Il traballante mondo della Marescialla

Berlino: fortunata ripresa del Rosenkavalier con la regia di Homoki

Der Rosenkavalier (Foto Monika Rittershaus)
Der Rosenkavalier (Foto Monika Rittershaus)
Recensione
classica
Berlin, Komische Oper
Der Rosenkavalier
08 Giugno 2019 - 23 Giugno 2019

In una primavera che vede i titoli scenici di Richard Strauss diffusamente presenti in vari teatri europei, la Komische Oper riprende un suo fortunato allestimento di Der Rosenkavalier; la sala teatrale è la più raccolta delle tre maggiori berlinesi, e il palcoscenico il meno ampio: la regia di Andreas Homoki enfatizza tali dimensioni, muovendo i personaggi in uno spazio ulteriormente ritagliato al boccascena da un arco scenico di fattura neoclassica, semplice quanto monumentale. Il senso di affollamento cresce perciò di atto in atto, ma il caos che episodicamente genera è intenzionato, teatralmente efficace e congeniale alla lettura registica: ogni atto fa segnare una progressione storico-temporale, che dall’epoca della mimesi – prima metà del Settecento – salta all’epoca degli autori (d’altronde, è nel 2° atto che nobiltà e alta-borghesia s’intrecciano sulla scena con la comparsa dei Faninal…), e infine nel ventesimo secolo tra le due guerre, con elementi rifluenti dagli atti precedenti. Nel mezzo, a secondo atto inoltrato, l’arco e tutto il palcoscenico s’inclinano come nave destinata al naufragio; l’equilibrio precario di interpreti e mobilio sfocia nel 3° atto in un vero e proprio rovesciamento: quinte e fondali sono sottosopra, le porte appaiono  sfondate, i mobili sono sinistrati, ma verranno sgombrati prima del finale, quando la scena sarà ancor più vuota che all’inizio, allorché era occupata dal letto della passione tra Marescialla e Octavian. Ė evidente che a Homoki interessa stratificare, al di sopra del discorso sul tempo esistenziale e psicologico che permea il capolavoro di Hoffmanstal e Strauss, anche un piano riguardante il tempo storico-sociale: la Marschallin non è solo una donna che ha la coscienza della profondità verticale e dell’inesorabilità direzionale del tempo (soltanto un miracolo, come l’incontro tra Sophie e Octavian, può congelarlo), ma è pure la ‘Maria Theresia’ asburgica, in crinolina perfino antiquata rispetto agli anni degli eventi; della dimensione borghese del 2° atto s’è detto, mentre nel 3° i famuli che assillano Lerchenau come “papà” somigliano un po’ a giovanissimi attivisti proletari. Il sovrapporsi dei piani comunque non stride, e le soluzioni registiche – soprattutto nel 2° atto – sono brillantissime ed encomiabili per l’effetto di studiato affollamento che creano (ad es., nella curiosità generale per l’arrivo del cavaliere, vista dal lato di un’euforica servitù).

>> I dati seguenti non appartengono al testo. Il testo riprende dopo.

(* Let $\mathcal{Z}$ and $\mathcal{X}$ be two mutually unbiased orthonormal bases of $\mathbb{C}^2$. Assume the CQC conjecture holds for these bases, i.e. for every two-qubit state $\sigma_{AB}$ on $\mathbb{C}^2\otimes\mathbb{C}^2$ one has $I(Z^A:Z^B)+I(X^A:X^B)\le I(A:B)$. Then every two-qubit state $\rho_{AB}$ satisfies $$H(Z^AZ^B)+H(X^AX^B)\ \ge\ 2+H(AB).$$
   Context: All logarithms are base 2 and $0\log 0=0$. Two orthonormal bases $\{|z_i\rangle\}$, $\{|x_j\rangle\}$ of $\mathbb{C}^d$ are mutually unbiased if $|\langle z_i|x_j\rangle|^2=1/d$ for all $i,j$. $H(AB)$ is the von Neumann entropy of $\rho_{AB}$, $H(A),H(B)$ those of its marginals, and $I(A:B)=H(A)+H(B)-H(AB)$. For a basis $\mathcal{M}=\{|m_j\rangle\}$, $M^A$ and $M^B$ denote the classical random variables obtained when both parties measure their subsystem in $\mathcal{M}$, with joint distribution $p(j,k)=\langle m_j\otimes m_k|\rho_{AB}|m_j\otimes m_k\rangle$; $H(M^AM^B)$ is the Shannon entropy of this joint distribution and $I(M^A:M^B)=H(M^A)+H(M^B)-H(M^AM^B)$ the classical mutual information. *)

theory Defs
  imports "Jordan_Normal_Form.Char_Poly"
begin

text \<open>Conventions: matrices are Jordan_Normal_Form complex matrices. A two-qubit
  operator is a 4x4 matrix w.r.t. the product basis, index of |j> (x) |k> is 2*j+k.\<close>

definition xlogx :: "real \<Rightarrow> real" where
  "xlogx p = (if p = 0 then 0 else p * log 2 p)"

definition cinner :: "complex vec \<Rightarrow> complex vec \<Rightarrow> complex" where
  "cinner u v = (\<Sum>i<dim_vec u. cnj (u $ i) * v $ i)"

definition hermitian :: "complex mat \<Rightarrow> bool" where
  "hermitian A \<longleftrightarrow> (\<forall>i<dim_row A. \<forall>j<dim_row A. A $$ (i, j) = cnj (A $$ (j, i)))"

definition positive_semidef :: "complex mat \<Rightarrow> bool" where
  "positive_semidef A \<longleftrightarrow> (\<forall>v\<in>carrier_vec (dim_row A). 0 \<le> Re (cinner v (A *\<^sub>v v)))"

definition density_matrix :: "nat \<Rightarrow> complex mat \<Rightarrow> bool" where
  "density_matrix d A \<longleftrightarrow> A \<in> carrier_mat d d \<and> hermitian A \<and> positive_semidef A
      \<and> (\<Sum>i<d. A $$ (i, i)) = 1"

Brillantissimi anche i principali interpreti vocali:Johanni van Oostrum è una Marschallin intensa, corposa e morbida nell’emissione, sempre protesa nel fraseggio; Vera-Lotte Böcker( Sophie) si rivela estremamente duttile e sempre convincente sia negli episodi lirici, sostenuti con intensità non minore della collega, sia in quelli più tendenti al comico; nello sdoppiare queste due anime attraverso il travestimento, il ruolo diOctavian/Mariandel (Karolina Gumos) è forse meno insidioso, ma l’interprete lo realizza assai bene in ogni caso; Jens Larsen evita di calcare vocalmente troppo la figura di Lerchenau, anche perché il suo physique du rôlegli consente già di imporne il carattere sul palcoscenico, e così di plasmare con misura fraseggio e parola. Il suono dell’Orchestra della Komische Oper emerge dalla buca pastoso, con pienezza di armonici, ma ben equilibrato alle voci: merito dunque alla direzione di Ainārs Rubiķis. Sala piena, e alla fine plaudente con convinzione.